What we are getting is worse. The disruption is being drawn out a bit, because 'AI' is not in fact generally fit for purpose; but the incentives have turned toward delivering shit. 'Creative' is an obvious target because that's the designation for a swath of jobs where quality is understood to exist but there aren't really rigid failure states: anyone who thinks that lorem ipsum and literature are interchangeable, or that there's nothing worth doing in graphic design once you've identified somewhere between 2 and 4 colors that the human eye can distinguish from one another is abjectly beneath human culture(and I don't mean that in the 'High Art' snob sense: don't even try to tell me that all shlocky summer blockbusters are equally entertaining; or that no billboards differ meaningfully; or that some social media shitposters aren't more fun to read than others); but it's not like the CMS will throw an error if you insert a regurgitated press release where journalism was supposed to go; or sack the writer who is actually passionate about the subject and have the intern plagiarize a viral listicle instead.

The whole enterprise is really a sordid revelation less of what 'AI' can do than of the degree to which people were really just hoping for an excuse to get away with less and worse; and the ongoing trend of societies feeling relentlessly poorer and more fixated on scarcity even when their GDPs allegedly just keep going up; and economic statistics assure us that productivity metrics look amazing.

Just tell me that it's not fucking bullshit that a generation ago any city of nontrivial size had several newspapers, all with enough staff to actually fill a 'newsroom' that was probably a literal place at the time; and even podunk towns often had one with a few plucky wearers of multiple hats; and now we've got bot slop. In inflation-adjusted dollars the GDP per capita has just slightly less than doubled since 1985; and journalists and editors are both relatively cheap for what they do and produce something that can be copied across a subscriber base of almost any size at close to zero marginal cost.

This is getting TL;DR; but fuck it, it's honestly profoundly depressing: we are all, constantly, being made to cosplay a vastly poorer society(except on the specific occasions when it's time to justify the order of things; in which case look at what big TVs you can buy!) despite the numbers allegedly saying that we are richer than ever. 'AI' is a new and exceptionally versatile tool for continuing this trend; but you see it everywhere; both in terms of what just gets done and in terms of arguments that get made: why is it harder to get news made by journalists when the metro area being served is ~50% more populous and a trifle under twice as wealthy, per capita, than it was back in the day?

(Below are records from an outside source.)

(* Let $(X_n)_{n\ge0}$ be the Kendall random walk with step distribution $\nu\in\mathcal P_s$, $\nu(\{0\})=0$, let $a\ge0$ and $\tau^{-}_{a,w}=\min\{n\ge1:X_n\le a\}$. Then $$\mathbb P(\tau^-_{a,w}=n)=\begin{cases}F(a),& n=1,\\ \big(1-F(a)\big)\,2^{-(n-1)},& n\ge2,\end{cases}$$ i.e. for $n\ge2$, $\mathbb P(\tau^-_{a,w}=n)=(1-F(a))\,\mathbb P(\tau_0^+=n-1)$ where $\tau_0^+=\min\{n\ge1:X_n>0\}$ is geometric with $\mathbb P(\tau_0^+=k)=2^{-k}$.
   Context: Fix $\alpha>0$. $\mathcal P_s$ is the set of symmetric Borel probability measures on $\mathbb R$. For $x\in\mathbb R$, $\widetilde\delta_x=\frac12(\delta_x+\delta_{-x})$. For a probability measure $\lambda=\mathcal L(X)$ and $c>0$, $T_c\lambda=\mathcal L(cX)$, and $T_0\lambda=\delta_0$. $\widetilde\pi_{2\alpha}$ is the symmetric Pareto probability measure with density $\alpha|y|^{-2\alpha-1}\mathbf 1_{\{|y|\ge1\}}$. The Kendall convolution $\vartriangle_\alpha$ on $\mathcal P_s$ is defined by $\widetilde\delta_x\vartriangle_\alpha\widetilde\delta_y=T_M\big(\varrho^\alpha\widetilde\pi_{2\alpha}+(1-\varrho^\alpha)\widetilde\delta_1\big)$ where $M=\max(|x|,|y|)$, $m=\min(|x|,|y|)$, $\varrho=m/M$ (and $\varrho=0$ if $M=0$), extended by $(\nu_1\vartriangle_\alpha\nu_2)(A)=\int\int(\widetilde\delta_x\vartriangle_\alpha\widetilde\delta_y)(A)\,\nu_1(dx)\nu_2(dy)$. For $x\in\mathbb R$ and $\mu\in\mathcal P_s$ we write $\delta_x\vartriangle_\alpha\mu:=\widetilde\delta_x\vartriangle_\alpha\mu$. $F(t)=\nu((-\infty,t])$. The Kendall random walk with step distribution $\nu$ is the Markov chain $(X_n)_{n\ge0}$ with $X_0=0$ and transition kernel $\mathbb P(X_{k+1}\in A\mid X_k=x)=(\delta_x\vartriangle_\alpha\nu)(A)$. *)

theory Defs
  imports "HOL-Probability.Probability"
begin
(* With notation as in the context, for all $1\le i,j,h,k\le m+n$, $r\ge1$ and $x,y_1,\dots,y_r\in \mathrm{Mat}_\ell$, $$[t_{ij;\mathfrak{b}}(x),t_{hk;\mathfrak{b}}(y_1\otimes\cdots\otimes y_r)]=(-1)^{|i||j|+|i||h|+|j||h|}\sum_{s=1}^r\Big(t_{hj;\mathfrak{b}}(y_1\otimes\cdots\otimes y_{s-1})\,t_{ik;\mathfrak{b}}(xy_s\otimes y_{s+1}\otimes\cdots\otimes y_r)-t_{hj;\mathfrak{b}}(y_1\otimes\cdots\otimes y_{s-1}\otimes y_sx)\,t_{ik;\mathfrak{b}}(y_{s+1}\otimes\cdots\otimes y_r)\Big),$$ where $xy_s$, $y_sx$ are matrix products in $\mathrm{Mat}_\ell$, the bracket is the supercommutator in $U(\mathfrak{gl}_{M|N})$, and an empty tensor is interpreted as $1\in T(\mathrm{Mat}_\ell)$.
   Context: Let $m,n,\ell$ be non-negative integers and $\mathfrak{b}=(\mathfrak{b}_1,\dots,\mathfrak{b}_{m+n})$ a sequence with $m$ entries $\delta$ and $n$ entries $\epsilon$; $|i|=\bar0$ if $\mathfrak{b}_i=\delta$, $|i|=\bar1$ if $\mathfrak{b}_i=\epsilon$. Let $\pi$ be a rectangular array of boxes with $m+n$ rows and $\ell$ columns, row $i$ having parity $|i|$; for $1\le i\le m+n$, $1\le c\le\ell$ let $i\star c$ denote the box in row $i$ (counted from the top) and column $c$ (counted from the left). Let $V=\mathbb{C}^{M|N}$ ($M=m\ell$, $N=n\ell$) have homogeneous basis $\{v_a\}$ indexed by boxes, $v_a$ of parity that of its row, and $\mathfrak{gl}_{M|N}=\mathrm{End}(V)$ with matrix units $e_{a,b}$. $\mathrm{Mat}_\ell$ is the space of complex $\ell\times\ell$ matrices with matrix units $e_{a,c}$, and $T(\mathrm{Mat}_\ell)$ its tensor algebra. For $1\le i,j\le m+n$ define the linear map $t_{ij;\mathfrak{b}}:T(\mathrm{Mat}_\ell)\to U(\mathfrak{gl}_{M|N})$ by $t_{ij;\mathfrak{b}}(1)=\delta_{ij}$, $t_{ij;\mathfrak{b}}(e_{a,c})=(-1)^{|i|}e_{i\star a,\,j\star c}$ (extended linearly to $\mathrm{Mat}_\ell$), and $t_{ij;\mathfrak{b}}(x_1\otimes\cdots\otimes x_r)=\sum_{1\le i_1,\dots,i_{r-1}\le m+n}t_{ii_1;\mathfrak{b}}(x_1)t_{i_1i_2;\mathfrak{b}}(x_2)\cdots t_{i_{r-1}j;\mathfrak{b}}(x_r)$ for $x_1,\dots,x_r\in\mathrm{Mat}_\ell$. *)

theory Defs
  imports "HOL-Library.Function_Algebras" "Jordan_Normal_Form.Matrix"
begin

text \<open>The sequence b: entries delta (Dl, even) and epsilon (Ep, odd).
  Rows are numbered 1..m+n; row i has symbol bb ! (i - 1).\<close>
datatype bsym = Dl | Ep

definition par :: "bsym list \<Rightarrow> nat \<Rightarrow> nat" where
  "par bb i = (if bb ! (i - 1) = Ep then 1 else 0)"

text \<open>Boxes i*c are pairs (row, column), rows 1..m+n, columns 1..l.
  Generators of U(gl_{M|N}) are the matrix units e_{a,b}, indexed by pairs of boxes.\<close>
type_synonym box = "nat \<times> nat"
type_synonym gen = "box \<times> box"

text \<open>Free associative algebra on the generators: functions from words to complex
  coefficients (finite support is imposed where needed).\<close>
type_synonym felt = "gen list \<Rightarrow> complex"

definition fmul :: "felt \<Rightarrow> felt \<Rightarrow> felt" (infixl "\<odot>" 70) where
  "p \<odot> q = (\<lambda>w. \<Sum>k\<le>length w. p (take k w) * q (drop k w))"
(* Assume Hypothesis (H). Let $b=b_1+b_2$ where $b_1,b_2:\mathbb R^n\times\mathbb R^n\to\mathbb R^n$ are bilinear with $b_i(x,y)\geq 0$ for all $x,y\geq 0$, and let $M=N-P$ where $N$ is an M-matrix and $P\geq 0$. Let $x_0$ satisfy $0\leq x_0\leq x_\ast$ and $F(x_0)\leq 0$ (e.g. $x_0=0$), and consider the iteration $$\big(N-b_1(\cdot,x_k)\big)x_{k+1}=a+Px_k+b_2(x_k,x_k),\quad k\geq 0.$$ Then: (1) $N-b_1(\cdot,x_k)$ is nonsingular for all $k$, so the iteration is well defined; (2) $x_k\leq x_{k+1}\leq x_\ast$ for all $k$, and $x_k\to x_\ast$ as $k\to\infty$; (3) $F(x_k)\leq 0$ for all $k$.
   Context: Inequalities between vectors/matrices are componentwise. A Z-matrix is a real square matrix with nonpositive off-diagonal entries; an M-matrix is a matrix $sI-P$ with $P\geq0$ entrywise and $s\geq\rho(P)$ ($\rho$ = spectral radius). Let $M\in\mathbb R^{n\times n}$ be a nonsingular M-matrix, $a\in\mathbb R^n$ with $a\geq 0$, and $b:\mathbb R^n\times\mathbb R^n\to\mathbb R^n$ a bilinear map (not necessarily symmetric) with $b(x,y)\geq 0$ whenever $x,y\geq 0$. A solution of $Mx=a+b(x,x)$ means a vector $x\geq 0$ satisfying it; a solution $x_\ast$ is minimal if $x_\ast\leq y$ for every solution $y$. $F(x):=Mx-a-b(x,x)$. For a bilinear map $c$ and $x\in\mathbb R^n$, $c(x,\cdot)$ and $c(\cdot,x)$ denote the $n\times n$ matrices of $y\mapsto c(x,y)$ and $y\mapsto c(y,x)$; $F'_x:=M-b(x,\cdot)-b(\cdot,x)$. Hypothesis (H): the equation has a minimal solution $x_\ast$, $x_\ast>0$ (all components strictly positive), and either $F'_{x_\ast}$ is nonsingular, or $F'_{x_\ast}$ is irreducible and $F'_x\neq F'_{x_\ast}$ for every $x$ with $0\leq x\leq x_\ast$, $x\neq x_\ast$. *)

theory Defs
  imports "HOL-Analysis.Analysis"
begin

What do you mean that's what has happened to housing affordability and even the nominally-luxurious 'McMansions' are all plastic plumbing and sawdust and formaldehyde pseudowood in places they think it won't be noticed? What do you mean tenure-track faculty positions are being slashed in favor of adjuncts who could earn more as McDonalds shift managers; but somehow the degree they teach courses for still costs vastly more? I can understand that cutting edge monoclonal recombinant antibodies or something are not going to be cheap; but how did we go from seeing a doctor to receive medical care to "ooh, are you sure you can't make do with someone cheaper at 'urgent care'?" when it's just going to be some sutures and antibiotics that have been off-patent for decades(and which have been offshore for savings); but I'm not 100% sure if it's just soft tissue damage or whether there's any tendon involvement; and ruling out embedded foreign objects would be nice?

It's really just dizzying how relentlessly we are expected to see downward substitution and 'austerity' as normal, outside of some specific cases involving transistors and corn syrup, despite the numbers theoretically being so favorable. It's almost like the correlation between productivity and income was severed decades ago and we're all just watching the punchline to Milton Friedman's joke land on us.